**DATA TO EXAMINE**
BEGIN

lemma traj_first_batch_cong:
  assumes "\<And>t. t \<in> {h0..<h0 + Bf h0 s0} \<Longrightarrow> W t w = W' t w'" "k \<le> Bf h0 s0"
  shows "traj Bf act W h0 s0 w k = traj Bf act W' h0 s0 w' k"
proof (rule traj_cong[of "{h0..<h0 + Bf h0 s0}" W w W'])
  show "\<And>t. t \<in> {h0..<h0 + Bf h0 s0} \<Longrightarrow> W t w = W' t w'" by (fact assms(1))
next
  fix k' x b sb
  assume "k' < k" "traj Bf act W h0 s0 w k' = (x, b, sb)"
  with assms(2) traj_within_first_batch[of k' Bf h0 s0 act W w]
  show "{b..<b + Bf b sb} \<subseteq> {h0..<h0 + Bf h0 s0} \<and> h0 + k' \<in> {h0..<h0 + Bf h0 s0}"
    by auto
qed

lemma reward_at_first_batch_cong:
  assumes "\<And>t. t \<in> {h0..<h0 + Bf h0 s0} \<Longrightarrow> W t w = W' t w'" "h0 \<le> t" "t < h0 + Bf h0 s0"
  shows "reward_at Bf act W h0 s0 w t = reward_at Bf act W' h0 s0 w' t"
proof (rule reward_at_cong[of "{h0..<h0 + Bf h0 s0}" W w W'])
  show "\<And>t. t \<in> {h0..<h0 + Bf h0 s0} \<Longrightarrow> W t w = W' t w'" by (fact assms(1))
next
  fix k x b sb
  assume "k \<le> t - h0" "traj Bf act W h0 s0 w k = (x, b, sb)"
  with assms(2,3) traj_within_first_batch[of k Bf h0 s0 act W w]
  show "{b..<b + Bf b sb} \<subseteq> {h0..<h0 + Bf h0 s0} \<and> h0 + k \<in> {h0..<h0 + Bf h0 s0}"
    by auto
qed (fact assms(2))

lemma reward_at_cong_horizon:
  assumes Bf: "batch_lengths_fit H Bf"
    and "\<And>t. t \<in> {h0..H} \<Longrightarrow> W t w = W' t w'" "1 \<le> h0" "h0 \<le> t" "t \<le> H"
  shows "reward_at Bf act W h0 s0 w t = reward_at Bf act W' h0 s0 w' t"
proof (rule reward_at_cong[of "{h0..H}" W w W'])
  show "\<And>t. t \<in> {h0..H} \<Longrightarrow> W t w = W' t w'" by (fact assms(2))
next
  fix k x b sb
  assume "k \<le> t - h0" "traj Bf act W h0 s0 w k = (x, b, sb)"
  with traj_batch_bounds[OF Bf, of h0 k] assms(3-5)
  show "{b..<b + Bf b sb} \<subseteq> {h0..H} \<and> h0 + k \<in> {h0..H}"
    by fastforce
qed (fact assms(4))

fun batch_sum :: "(nat \<Rightarrow> 's \<Rightarrow> real) \<Rightarrow> nat \<Rightarrow> (nat \<Rightarrow> 's \<Rightarrow> nat)
    \<Rightarrow> (nat \<Rightarrow> 's \<Rightarrow> (nat \<Rightarrow> ('s,'a) realization) \<Rightarrow> nat \<Rightarrow> 's \<Rightarrow> 'a)
    \<Rightarrow> (nat \<Rightarrow> 'w \<Rightarrow> ('s,'a) realization) \<Rightarrow> nat \<Rightarrow> nat \<Rightarrow> 's \<Rightarrow> 'w \<Rightarrow> real" where
  "batch_sum f H Bf act W 0 h x w = 0"
| "batch_sum f H Bf act W (Suc n) h x w =
     (if h \<le> H then f h x + batch_sum f H Bf act W n (h + Bf h x)
        (state_at Bf act W h x w (h + Bf h x)) w else 0)"
lemma atom_extend:
  assumes "finite \<Gamma>" and "finite \<Delta>" and "\<not> prov \<Gamma> \<Delta>"
  obtains A where "atom A" and "\<not> prov (\<Gamma> \<union> A) (\<Delta> \<union> (C - A))"
proof -
  obtain A where A: "A \<subseteq> C" "\<not> prov (\<Gamma> \<union> A) (\<Delta> \<union> (C - A))"
    using lindenbaum[OF _ assms(3,1,2)] by blast
  have "finite A"
    using A(1) finite_subset by blast
  then have "atom A"
    using A assms(1,2) Wk[of A "C - A" "\<Gamma> \<union> A" "\<Delta> \<union> (C - A)"] by (auto simp: atom_def)
  then show ?thesis
    using A(2) by (rule that)
qed

lemma prov_by_atom_cases:
  assumes bad: "Bad \<subseteq> {A. atom A}"
    and good: "\<And>B. atom B \<Longrightarrow> B \<notin> Bad \<Longrightarrow> prov {char_fm B} {\<psi>}"
  shows "prov ((\<lambda>B. neg (char_fm B)) ` Bad) {\<psi>}"
proof (rule ccontr)
  let ?N = "(\<lambda>B. neg (char_fm B)) ` Bad"
  have fin: "finite ?N"
    using bad finite_atoms finite_subset by blast
  assume "\<not> prov ?N {\<psi>}"
  then obtain A where A: "atom A" "\<not> prov (?N \<union> A) ({\<psi>} \<union> (C - A))"
    using atom_extend[OF fin] by blast
  show False
  proof (cases "A \<in> Bad")
    case True
    have "prov (A \<union> ?N) (insert (char_fm A) ((C - A) \<union> {\<psi>}))"
      using A(1) fin by (intro prov_char_fmR) (auto simp: atom_subset)
    then have "prov (insert (neg (char_fm A)) (A \<union> ?N)) ((C - A) \<union> {\<psi>})"
      by (simp add: prov_negL)
    with True A(2) show False
      by (simp add: insert_absorb Un_commute)
  next
    case False
    then have "prov (A \<union> {}) ((C - A) \<union> {\<psi>})"
      using good A(1) prov_char_fmL[of A "{}" "{\<psi>}"] by (simp add: atom_subset)
    then have "prov (?N \<union> A) ({\<psi>} \<union> (C - A))"
      by (rule Wk) (auto simp: fin atom_finite A(1))
    with A(2) show False
      by simp
  qed
qed

section \<open>The canonical model\<close>

definition canonical :: "(('p, 'a) fm set, 'p, 'a) model" where
  "canonical =
    \<lparr>W = {A. atom A},
     R = (\<lambda>a. {(A, B). atom A \<and> atom B \<and>
                (\<forall>f. Box (At a) f \<in> A \<longrightarrow> f \<in> B) \<and> (\<forall>f. BoxC (At a) f \<in> B \<longrightarrow> f \<in> A)}),
     V = (\<lambda>A. {p. Atom p \<in> A})\<rparr>"

lemma canonical_simps [simp]:
  "W canonical = {A. atom A}"
  "R canonical a = {(A, B). atom A \<and> atom B \<and>
     (\<forall>f. Box (At a) f \<in> A \<longrightarrow> f \<in> B) \<and> (\<forall>f. BoxC (At a) f \<in> B \<longrightarrow> f \<in> A)}"
  "V canonical A = {p. Atom p \<in> A}"
  by (simp_all add: canonical_def)
lemma psl_proj_uminus [simp]: "psl_proj (- A) = psl_proj A"
proof -
  have "{- A, - (- A)} = {A, - A}" by auto
  then show ?thesis unfolding psl_proj_def by (rule arg_cong)
qed

lemma psl_rep_proj: "det A = 1 \<Longrightarrow> psl_rep (psl_proj A) = A \<or> psl_rep (psl_proj A) = - A"
  using psl_proj_eq_iff[of A "psl_rep (psl_proj A)"] by simp

lemma psl_proj_mult:
  assumes "det A = 1" "det B = 1"
  shows "psl_proj A * psl_proj B = psl_proj (A ** B)"
proof -
  have "{C ** D |C D. C \<in> {A, - A} \<and> D \<in> {B, - B}} = {A ** B, - (A ** B)}"
    by (auto simp: matrix_mul_uminus_left matrix_mul_uminus_right) (metis matrix_mul_uminus_left)
  then show ?thesis
    unfolding times_psl2_def psl_proj_def[of "A ** B"] using assms by (simp add: Rep_psl_proj)
qed

lemma one_psl2_eq: "1 = psl_proj (mat 1)"
  unfolding one_psl2_def psl_proj_def ..

lemma psl_inv_proj:
  assumes "det A = 1"
  shows "psl_inv (psl_proj A) = psl_proj (adjugate2 A)"
proof -
  have "{matrix_inv C |C. C \<in> {A, - A}} = {matrix_inv A, matrix_inv (- A)}"
    by blast
  also have "\<dots> = {adjugate2 A, - adjugate2 A}"
    using assms by (simp add: matrix_inv_eq_adjugate2 adjugate2_uminus)
  finally have "{matrix_inv C |C. C \<in> {A, - A}} = {adjugate2 A, - adjugate2 A}" .
  then show ?thesis
    unfolding psl_inv_def psl_proj_def[of "adjugate2 A"] using assms by (simp add: Rep_psl_proj)
qed
(* Let $(Z_i)_{i\in\mathbb N}$ be independent with $Z_i\sim N(\mu r_i,1)$, where $\mu>0$ and $r_i\in\{0,1\}$ are fixed, and let $p_i=1-\Phi(Z_i)$. Let $\alpha,\beta\in(0,1)$ and a threshold $c$ be fixed. Consider the online adaptively ordered martingale test with threshold $c$: hypothesis $t$ is included in the set $M$ iff $|Z_t|>c$ (equivalently $\Phi^{-1}(1-g(p_t))>c$), and the test rejects iff at some time the current set $M$ with $K=|M|\ge1$ satisfies $\sum_{i\in M}h(p_i)>C_K^\alpha K^{1/2}$. This test has power at least $1-\beta$ if there exists $k\in\mathbb N$ such that $$(2S(\mu;c)-1)\left(N_1(k)-\frac{C_k^{\beta/3}\sqrt{N_1(k)}}{2\mathbb P(|Z(\mu)|>c)}\right)\ \ge\ \frac{C_k^\alpha+C_k^{\beta/3}}{\mathbb P^{1/2}(|Z(\mu)|>c)}\left[N_1(k)+D^{-1}(c)N_0(k)+\frac{C_k^{\beta/3}k^{1/2}}{2\mathbb P(|Z(\mu)|>c)}\right]^{1/2}.$$
   Context: $\Phi$ is the standard Gaussian CDF; $h(p)=2\cdot\mathbf 1\{p<0.5\}-1$, $g(p)=\min\{p,1-p\}$. $Z(\nu)$ denotes a $N(\nu,1)$ random variable. For $\gamma\in(0,1)$, $k\ge1$: $C_k^\gamma=1.7\sqrt{\log\log(2k)+0.72\log\frac{5.2}{\gamma}}$. $D(c)=\frac{\mathbb P(|Z(\mu)|>c)}{\mathbb P(|Z(0)|>c)}$, $S(\mu;c)=\mathbb P(Z(\mu)>0\mid |Z(\mu)|>c)$, $N_1(k)=\sum_{i=1}^kr_i$, $N_0(k)=\sum_{i=1}^k(1-r_i)$. Power is the probability of rejection. *)

theory Defs
  imports "HOL-Probability.Probability"
begin

definition Nlaw :: "real \<Rightarrow> real measure" where
  "Nlaw m = density lborel (normal_density m 1)"

definition Phi :: "real \<Rightarrow> real" where
  "Phi x = measure (Nlaw 0) {..x}"
(* Let a particle of mass $m>0$ and charge $q$ move under the relativistic Lorentz force in an electromagnetic field whose potential $A^\mu(t,\mathbf x)=A^\mu(t,z)$ does not depend on the transverse coordinates $x,y$. Then for every motion there is a constant $\mathbf K^{\perp}\in\mathbb R^2$ such that, parametrizing by $\xi=ct-z$, $$\hat{\mathbf u}^{\perp}(\xi)=\frac{q}{mc^2}\big[\mathbf K^{\perp}-\hat{\mathbf A}^{\perp}(\xi,\hat z(\xi))\big],$$ and, setting $\hat v(\xi,z):=\big(\tfrac{q}{mc^2}\big)^2|\mathbf K^{\perp}-\hat{\mathbf A}^{\perp}(\xi,z)|^2$, the pair $(\hat z,\hat s)$ solves the one-degree-of-freedom system $$\hat z'=\frac{1+\hat v(\xi,\hat z)}{2\hat s^2}-\frac12,\qquad mc^2\hat s'=-q\hat E^z(\xi,\hat z)+\frac{mc^2}{2\hat s}\frac{\partial\hat v}{\partial z}(\xi,\hat z).$$ The remaining unknowns are then obtained as $\hat{\mathbf x}(\xi)=\hat{\mathbf x}(\xi_0)+\int_{\xi_0}^{\xi}d\zeta\,\hat{\mathbf u}(\zeta)/\hat s(\zeta)$ (with $\hat u^z=\hat\gamma-\hat s$, $\hat\gamma=(1+\hat v+\hat s^2)/(2\hat s)$) and $c\,\hat t(\xi)=\xi+\hat z(\xi)$; inverting the strictly increasing map $\xi\mapsto\hat t(\xi)$ gives $\mathbf x(t)=\hat{\mathbf x}(\xi(t))$.
   Context: Coordinates $\mathbf x=(x,y,z)$, $\perp$ denotes $(x,y)$-components; $\mathbf E=-\partial_t\mathbf A/c-\nabla A^0$, $\mathbf B=\nabla\wedge\mathbf A$. Equations of motion: $\dot{\mathbf p}=q\mathbf E+\frac{\mathbf p}{\sqrt{m^2c^2+\mathbf p^2}}\wedge q\mathbf B$, $\dot{\mathbf x}=c\mathbf p/\sqrt{m^2c^2+\mathbf p^2}$. $\mathbf u=\mathbf p/mc$, $\gamma=\sqrt{1+\mathbf u^2}$, $s=\gamma-u^z>0$. Since $|\dot{\mathbf x}|<c$, $\xi(t)=ct-z(t)$ is strictly increasing; $\hat f(\xi)$ denotes a dynamical variable as a function of $\xi$; for a field $f(t,z)$, $\hat f(\xi,z):=f((\xi+z)/c,z)$; prime is $d/d\xi$. *)

theory Defs
  imports "HOL-Analysis.Analysis"
begin

text \<open>Potentials A^mu(t,z) are given as functions of (t,z) only.
  Partial derivatives with respect to t and z.\<close>

definition pd_t :: "(real \<Rightarrow> real \<Rightarrow> real) \<Rightarrow> real \<Rightarrow> real \<Rightarrow> real" where
  "pd_t f t z = deriv (\<lambda>\<tau>. f \<tau> z) t"

definition pd_z :: "(real \<Rightarrow> real \<Rightarrow> real) \<Rightarrow> real \<Rightarrow> real \<Rightarrow> real" where
  "pd_z f t z = deriv (\<lambda>w. f t w) z"

text \<open>Fields: E = - d_t A / c - grad A^0, B = curl A, with A independent of x,y.\<close>

definition Efx :: "real \<Rightarrow> (real \<Rightarrow> real \<Rightarrow> real) \<Rightarrow> real \<Rightarrow> real \<Rightarrow> real" where
  "Efx c Ax t z = - pd_t Ax t z / c"          (* d_x A^0 = 0 *)

definition Efy :: "real \<Rightarrow> (real \<Rightarrow> real \<Rightarrow> real) \<Rightarrow> real \<Rightarrow> real \<Rightarrow> real" where
  "Efy c Ay t z = - pd_t Ay t z / c"          (* d_y A^0 = 0 *)
(* Let $\mathbf{E}$ be the category whose objects are algebras and whose morphisms $A\to A'$ are the algebra epimorphisms (surjective unital algebra homomorphisms) $k:A\to A'$, with ordinary composition. Let $\mathbf{P}$ be the category whose objects are, for some $n\ge1$, nonzero finite-dimensional real vector spaces $P$ of real symmetric $n\times n$ matrices, and in which a morphism from $P$ ($n\times n$ matrices) to $P'$ ($n'\times n'$ matrices) is given by a real $n\times n'$ matrix $w$ with $ww^T$ nonsingular and $w^TPw\subseteq P'$; this morphism is denoted $w^T[\cdot]w$ and acts by $L\mapsto w^TLw$, and composition is composition of these maps (the composite of $w^T[\cdot]w:P\to P'$ followed by $w'^T[\cdot]w':P'\to P''$ is $(ww')^T[\cdot](ww')$). Define $F$ on objects by $F[A]=\mathfrak{u}_A$ and, for an epimorphism $k:A_1\to A_2$ (identified with its matrix), $F(k)=k^T[\cdot]k:\mathfrak{u}_{A_2}\to\mathfrak{u}_{A_1}$. Then for every epimorphism $k$ one has $k^T\mathfrak{u}_{A_2}k\subseteq\mathfrak{u}_{A_1}$ and $kk^T$ nonsingular, so $F(k)$ is a morphism of $\mathbf{P}$, and $F:\mathbf{E}\to\mathbf{P}$ is a contravariant functor.
   Context: An "algebra" is a real finite-dimensional unital associative algebra with underlying vector space $\mathbb{R}^n$, standard basis, elements column vectors $s=(x_1,\dots,x_n)^T$ and $\mathbf{d}s=(dx_1,\dots,dx_n)^T$. An uncurling metric of $A$ is a real symmetric $n\times n$ matrix $L$ with $d\big((s^{-1})^TL\,\mathbf{d}s\big)=0$ on an open ball centered at $\mathbf{1}_A$ consisting only of units; the anti-rotor $\mathfrak{u}_A$ is the vector space of uncurling metrics (it is nonzero for every algebra). *)

theory Defs
  imports "HOL-Analysis.Analysis"
begin

text \<open>An algebra: a real finite-dimensional unital associative algebra on the
coordinate space real^'n (standard basis), given by its multiplication and unit.\<close>
definition is_algebra :: "(real^'n \<Rightarrow> real^'n \<Rightarrow> real^'n) \<Rightarrow> real^'n \<Rightarrow> bool" where
  "is_algebra m e \<longleftrightarrow>
     (\<forall>x. linear (m x)) \<and> (\<forall>y. linear (\<lambda>x. m x y)) \<and>
     (\<forall>x y z. m (m x y) z = m x (m y z)) \<and>
     (\<forall>x. m e x = x \<and> m x e = x)"

definition alg_unit :: "(real^'n \<Rightarrow> real^'n \<Rightarrow> real^'n) \<Rightarrow> real^'n \<Rightarrow> real^'n \<Rightarrow> bool" where
  "alg_unit m e s \<longleftrightarrow> (\<exists>t. m s t = e \<and> m t s = e)"

definition alg_inv :: "(real^'n \<Rightarrow> real^'n \<Rightarrow> real^'n) \<Rightarrow> real^'n \<Rightarrow> real^'n \<Rightarrow> real^'n" where
  "alg_inv m e s = (THE t. m s t = e \<and> m t s = e)"
theorem lemma4p2:
  fixes alpha n :: nat and r :: int
  assumes "n > 0" and "2 ^ alpha dvd n" and "(2::int) ^ alpha dvd r"
  shows "rat_cong2 (T02 (Suc alpha) n r) 1 \<longleftrightarrow> (\<exists>m::nat. n = 2 ^ m)"
proof -
  obtain m where n: "n = 2 ^ alpha * m"
    using assms(2) ..
  with assms(1) have "m \<ge> 1"
    by (simp add: Suc_le_eq)
  obtain l where T: "T02 (Suc alpha) n r = of_int (2 ^ (m - 1) * l) / of_nat (fact m)"
    and odd_l: "(\<exists>t. m = 2 ^ t) \<Longrightarrow> odd l"
    using T02_power_of_two_multiple [OF assms(3) \<open>m \<ge> 1\<close>] unfolding n by blast
  obtain a q where "odd q" "fact m = (2::nat) ^ a * q" "a < m"
    and a: "a + 1 = m \<longleftrightarrow> (\<exists>t. m = 2 ^ t)"
    using fact_two_adic [OF \<open>m \<ge> 1\<close>] by blast
  have "(2::rat) ^ (m - 1) = 2 ^ a * 2 ^ (m - 1 - a)"
    using \<open>a < m\<close> by (simp flip: power_add)
  with T have "T02 (Suc alpha) n r = of_int (2 ^ (m - 1 - a) * l) / of_int (int q)"
    by (simp add: \<open>fact m = 2 ^ a * q\<close>)
  then have "rat_cong2 (T02 (Suc alpha) n r) 1 \<longleftrightarrow> odd (2 ^ (m - 1 - a) * l)"
    using rat_cong2_frac_one_iff [of "int q" "2 ^ (m - 1 - a) * l"] \<open>odd q\<close> by simp
  also have "\<dots> \<longleftrightarrow> (\<exists>t. m = 2 ^ t)"
    using a odd_l \<open>a < m\<close> by auto
  also have "\<dots> \<longleftrightarrow> (\<exists>t. n = 2 ^ t)"
    using power_of_two_mult_iff n by simp
  finally show ?thesis .
qed

end
lemma bellman_solution_opt_value:
  fixes Q :: "real^'s::finite \<Rightarrow> 's \<Rightarrow> 's \<Rightarrow> 'a::finite \<Rightarrow> real"
  assumes "conservative_rates Q m" and "\<beta> > 0"
  shows "bellman_solution Q r \<beta> m (opt_value Q r \<beta> m)"
proof -
  have "\<exists>!V. bellman_solution Q r \<beta> m V"
    using bellman_solution_exists bellman_solution_unique assms by metis
  then show ?thesis
    unfolding opt_value_def bellman_solution_def[symmetric] by (rule theI')
qed

lemma bellman_residual_le:
  fixes Q :: "real^'s::finite \<Rightarrow> 's \<Rightarrow> 's \<Rightarrow> 'a::finite \<Rightarrow> real"
  assumes "bellman_solution Q r \<beta> m0 W"
  shows "\<bar>\<beta> * W i - (MAX a. bellman_term Q r m W i a)\<bar>
    \<le> (\<Sum>i\<in>UNIV. \<Sum>a\<in>UNIV. \<bar>bellman_term Q r m W i a - bellman_term Q r m0 W i a\<bar>)"
    (is "_ \<le> ?\<delta>")
proof -
  have "\<bar>bellman_term Q r m0 W i a - bellman_term Q r m W i a\<bar> \<le> ?\<delta>" for a
  proof -
    have "\<bar>bellman_term Q r m0 W i a - bellman_term Q r m W i a\<bar>
        \<le> (\<Sum>a\<in>UNIV. \<bar>bellman_term Q r m W i a - bellman_term Q r m0 W i a\<bar>)"
      by (subst abs_minus_commute) (rule member_le_sum, auto)
    also have "\<dots> \<le> ?\<delta>"
      by (rule member_le_sum) (auto intro: sum_nonneg)
    finally show ?thesis .
  qed
  then have "\<bar>(MAX a. bellman_term Q r m0 W i a) - (MAX a. bellman_term Q r m W i a)\<bar> \<le> ?\<delta>"
    by (rule abs_Max_diff_le)
  then show ?thesis
    using assms by (simp add: bellman_solution_def)
qed

lemma opt_value_tendsto:
  fixes Q :: "real^'s::finite \<Rightarrow> 's \<Rightarrow> 's \<Rightarrow> 'a::finite \<Rightarrow> real"
  assumes "conservative_rates Q m0" and conservative: "eventually (\<lambda>m. conservative_rates Q m) F"
    and \<beta>: "\<beta> > 0"
    and Q: "\<And>i j a. ((\<lambda>m. Q m i j a) \<longlongrightarrow> Q m0 i j a) F"
    and r: "\<And>i a. ((\<lambda>m. r m i a) \<longlongrightarrow> r m0 i a) F"
  shows "((\<lambda>m. opt_value Q r \<beta> m j) \<longlongrightarrow> opt_value Q r \<beta> m0 j) F"
proof -
  define W where "W = opt_value Q r \<beta> m0"
  define \<delta> where "\<delta> m = (\<Sum>i\<in>UNIV. \<Sum>a\<in>UNIV. \<bar>bellman_term Q r m W i a - bellman_term Q r m0 W i a\<bar>)" for m
  have W: "bellman_solution Q r \<beta> m0 W"
    unfolding W_def using assms(1) \<beta> by (rule bellman_solution_opt_value)
  have bellman_tendsto: "((\<lambda>m. bellman_term Q r m W i a) \<longlongrightarrow> bellman_term Q r m0 W i a) F" for i a
    unfolding bellman_term_def by (intro tendsto_add tendsto_sum tendsto_mult tendsto_const Q r)
  have "(\<delta> \<longlongrightarrow> (\<Sum>i\<in>UNIV. \<Sum>a\<in>UNIV. \<bar>bellman_term Q r m0 W i a - bellman_term Q r m0 W i a\<bar>)) F"
    unfolding \<delta>_def by (intro tendsto_sum tendsto_rabs tendsto_diff bellman_tendsto tendsto_const)
  then have \<delta>_tendsto: "((\<lambda>m. \<delta> m / \<beta>) \<longlongrightarrow> 0) F"
    by (simp add: tendsto_divide_zero)
  have "eventually (\<lambda>m. \<bar>opt_value Q r \<beta> m j - W j\<bar> \<le> \<delta> m / \<beta>) F"
    using conservative
  proof eventually_elim
    case (elim m)
    show ?case
      unfolding \<delta>_def using bellman_solution_perturbation[OF elim \<beta> bellman_solution_opt_value[OF elim \<beta>]
          bellman_residual_le[OF W]] .
  qed
  then have "((\<lambda>m. opt_value Q r \<beta> m j - W j) \<longlongrightarrow> 0) F"
    by (rule Lim_null_comparison[OF eventually_mono \<delta>_tendsto]) simp
  then show ?thesis
    unfolding W_def by (rule LIM_zero_cancel)
qed

lemma argmax_strategies_eq_singleton_iff:
  fixes f :: "'s \<Rightarrow> 'a \<Rightarrow> real"
  shows "{d'. \<forall>i b. f i b \<le> f i (d' i)} = {d} \<longleftrightarrow> (\<forall>i b. b \<noteq> d i \<longrightarrow> f i b < f i (d i))"
proof
  assume unique: "{d'. \<forall>i b. f i b \<le> f i (d' i)} = {d}"
  then have d_opt: "f i c \<le> f i (d i)" for i c
    by blast
  show "\<forall>i b. b \<noteq> d i \<longrightarrow> f i b < f i (d i)"
  proof (intro allI impI)
    fix i b
    assume "b \<noteq> d i"
    show "f i b < f i (d i)"
    proof (rule ccontr)
      assume "\<not> f i b < f i (d i)"
      then have "f i (d i) \<le> f i b"
        by simp
      then have "\<forall>j c. f j c \<le> f j ((d(i := b)) j)"
        using d_opt by (metis fun_upd_apply order_trans)
      then have "d(i := b) = d"
        using unique by blast
      then show False
        using \<open>b \<noteq> d i\<close> by (metis fun_upd_same)
    qed
  qed
next
  assume strict: "\<forall>i b. b \<noteq> d i \<longrightarrow> f i b < f i (d i)"
  show "{d'. \<forall>i b. f i b \<le> f i (d' i)} = {d}"
  proof (intro equalityI subsetI)
    fix d'
    assume "d' \<in> {d'. \<forall>i b. f i b \<le> f i (d' i)}"
    then have "d' i = d i" for i
      using strict by (metis mem_Collect_eq not_less)
    then show "d' \<in> {d}"
      by auto
  next
    fix d'
    assume "d' \<in> {d}"
    moreover have "f i b \<le> f i (d i)" for i b
      using strict by (cases "b = d i") (auto intro: less_imp_le)
    ultimately show "d' \<in> {d'. \<forall>i b. f i b \<le> f i (d' i)}"
      by simp
  qed
qed

lemma opt_strategies_eq_singleton_iff:
  fixes Q :: "real^'s::finite \<Rightarrow> 's \<Rightarrow> 's \<Rightarrow> 'a::finite \<Rightarrow> real"
  shows "opt_strategies Q r \<beta> m = {d} \<longleftrightarrow>
     (\<forall>i b. b \<noteq> d i \<longrightarrow>
        bellman_term Q r m (opt_value Q r \<beta> m) i b < bellman_term Q r m (opt_value Q r \<beta> m) i (d i))"
  unfolding opt_strategies_def opt_actions_def
  by (simp add: argmax_strategies_eq_singleton_iff)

END

**AIM OF THE TASK**
Give again, word for word, every line of the listing above from the one with "text \<open>An algebra: a" to the one with "t) \<Longrightarrow> odd", both inclusive, and nothing beyond them.

**EXERCISE SOLUTION**
text \<open>An algebra: a real finite-dimensional unital associative algebra on the
coordinate space real^'n (standard basis), given by its multiplication and unit.\<close>
definition is_algebra :: "(real^'n \<Rightarrow> real^'n \<Rightarrow> real^'n) \<Rightarrow> real^'n \<Rightarrow> bool" where
  "is_algebra m e \<longleftrightarrow>
     (\<forall>x. linear (m x)) \<and> (\<forall>y. linear (\<lambda>x. m x y)) \<and>
     (\<forall>x y z. m (m x y) z = m x (m y z)) \<and>
     (\<forall>x. m e x = x \<and> m x e = x)"

definition alg_unit :: "(real^'n \<Rightarrow> real^'n \<Rightarrow> real^'n) \<Rightarrow> real^'n \<Rightarrow> real^'n \<Rightarrow> bool" where
  "alg_unit m e s \<longleftrightarrow> (\<exists>t. m s t = e \<and> m t s = e)"

definition alg_inv :: "(real^'n \<Rightarrow> real^'n \<Rightarrow> real^'n) \<Rightarrow> real^'n \<Rightarrow> real^'n \<Rightarrow> real^'n" where
  "alg_inv m e s = (THE t. m s t = e \<and> m t s = e)"
theorem lemma4p2:
  fixes alpha n :: nat and r :: int
  assumes "n > 0" and "2 ^ alpha dvd n" and "(2::int) ^ alpha dvd r"
  shows "rat_cong2 (T02 (Suc alpha) n r) 1 \<longleftrightarrow> (\<exists>m::nat. n = 2 ^ m)"
proof -
  obtain m where n: "n = 2 ^ alpha * m"
    using assms(2) ..
  with assms(1) have "m \<ge> 1"
    by (simp add: Suc_le_eq)
  obtain l where T: "T02 (Suc alpha) n r = of_int (2 ^ (m - 1) * l) / of_nat (fact m)"
    and odd_l: "(\<exists>t. m = 2 ^ t) \<Longrightarrow> odd l"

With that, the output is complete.